Sądząc po ostatecznych wynikach rynku akcji i obligacji, pierwszy kwartał nie był złym okresem – oba rynki zamknęły pierwsze trzy miesiące 2023 roku jednocyfrowymi wzrostami. Jednak droga w górę nie była gładka, a perspektywy nadal pozostają niepewne.
W pierwszym kwartale tego roku rynki były miotane w tę i z powrotem najpierw przez dane pokazujące, że inflacja utknęła na nieprzyjemnie wysokim poziomie, a rynek pracy był rozgrzany, co doprowadziło do oczekiwań dalszych podwyżek stóp procentowych. Ta historia została wywrócona do góry nogami wraz z upadkiem SVB i obawami o kryzys kredytowy. Spowodowało to duże wahania oczekiwań wokół polityki Fed, co miało decydujący wpływ na wyceny z rynków akcji i obligacji.

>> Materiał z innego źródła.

lemma label_bound_less_quarter:
  fixes k :: int
  assumes "\<bar>k\<bar> \<le> \<lceil>real nc / 4\<rceil> - 1"
  shows "real_of_int \<bar>k\<bar> < real nc / 4"
proof -
  have "real_of_int \<bar>k\<bar> \<le> of_int \<lceil>real nc / 4\<rceil> - 1" using assms by linarith
  then show ?thesis using ceiling_correct[of "real nc / 4"] by linarith
qed

lemma cos_label_angle_pos:
  fixes k :: int
  assumes "nc > 0" and "\<bar>k\<bar> \<le> \<lceil>real nc / 4\<rceil> - 1"
  shows "cos (2 * pi * of_int k / real nc) > 0"
proof (rule cos_gt_zero_pi)
  have "\<bar>2 * pi * of_int k / real nc\<bar> < pi / 2"
    using label_bound_less_quarter[OF assms(2)] assms(1) by (simp add: abs_mult field_simps)
  then show "- (pi / 2) < 2 * pi * of_int k / real nc" "2 * pi * of_int k / real nc < pi / 2"
    by linarith+
qed

lemma label_angle_cong_2pi_eq:
  fixes k l :: int
  assumes "nc > 0" "\<bar>k\<bar> \<le> \<lceil>real nc / 4\<rceil> - 1" "\<bar>l\<bar> \<le> \<lceil>real nc / 4\<rceil> - 1"
    and "cong_2pi (2 * pi * of_int k / real nc) (2 * pi * of_int l / real nc)"
  shows "k = l"
proof -
  from assms(4) obtain j :: int where "2 * pi * of_int k / real nc - 2 * pi * of_int l / real nc = 2 * pi * of_int j"
    unfolding cong_2pi_def by blast
  then have "2 * pi * (of_int k - of_int l) = 2 * pi * (real nc * of_int j)"
    using assms(1) by (simp add: field_simps)
  then have "of_int k - of_int l = real nc * of_int j" by simp
  then have kl: "k - l = int nc * j" by (metis of_int_diff of_int_eq_iff of_int_mult of_int_of_nat_eq)
  have "real_of_int \<bar>k - l\<bar> < real nc"
    using label_bound_less_quarter[OF assms(2)] label_bound_less_quarter[OF assms(3)] by linarith
  then have "\<bar>k - l\<bar> < int nc" by linarith
  then have "int nc * \<bar>j\<bar> < int nc * 1" using kl by (simp add: abs_mult)
  then have "\<bar>j\<bar> < 1" using mult_less_cancel_left_pos[of "int nc" "\<bar>j\<bar>" 1] assms(1) by simp
  then have "j = 0" by simp
  then show ?thesis using kl by simp
qed

section \<open>The honeycomb network\<close>

lemma div_eq_of_bounds:
  fixes N :: nat
  assumes "p * N \<le> q" "q < Suc p * N"
  shows "q div N = p"
  using assms by (metis div_nat_eqI mult.commute)

lemma vertex_block_bounds:
  fixes N t :: nat
  assumes "N > 0" "t \<ge> 1"
  shows "(t - 1) div N * N + 1 \<le> t" "t \<le> ((t - 1) div N + 1) * N"
proof -
  show "(t - 1) div N * N + 1 \<le> t" using div_times_less_eq_dividend[of "t - 1" N] assms(2) by linarith
  have "t - 1 < N + (t - 1) div N * N" using assms(1) by (rule dividend_less_div_times)
  then show "t \<le> ((t - 1) div N + 1) * N" by simp
qed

Choć pierwszy kwartał 2023 roku był dodatni, to przyszłość wciąż skrywa mgła – nie ma pewności, że kolejne kwartały będą kontynuowały dorobek początku roku. Zacieśnianie monetarne dobiega końca lub jest bliskie końca, ale rynek będzie szukał danych o wzroście wiodących wskaźników ekonomicznych, aby rozpocząć kolejny ruch wzrostowy.
W pierwszym kwartale tego roku najlepiej radziły sobie spółki technologiczne Nvidia, Meta Platforms i Salesforce czy Microsoft. Ten ostatni w samym tylko marcu zyskał ponad 16 proc., ale Nvidia w pierwszym kwartale br. zyskała blisko 90 proc. Akcje zyskiwały na wartości dzięki zmianie nastawienia w sektorze technologicznym, który był napędzany przez zmieniające się oczekiwania gospodarcze. Pozytywny sentyment wobec największych spółek z Nasdaq pozwolił w pierwszych trzech miesiącach wzrosnąć indeksowi o dobre kilkanaście procent. Dobre nastawienie do branży technologicznej może się utrzymywać, gdyż popyt na przetwarzanie w chmurze i półprzewodniki wydaje się być niezagrożony.
W funduszach akcji spółek technologicznych pierwszy kwartał podniósł na duchu fundusze o silniejszych tendencjach wzrostowych, podczas gdy fundusze value i strategie dywidendowe pozostawały raczej w tyle.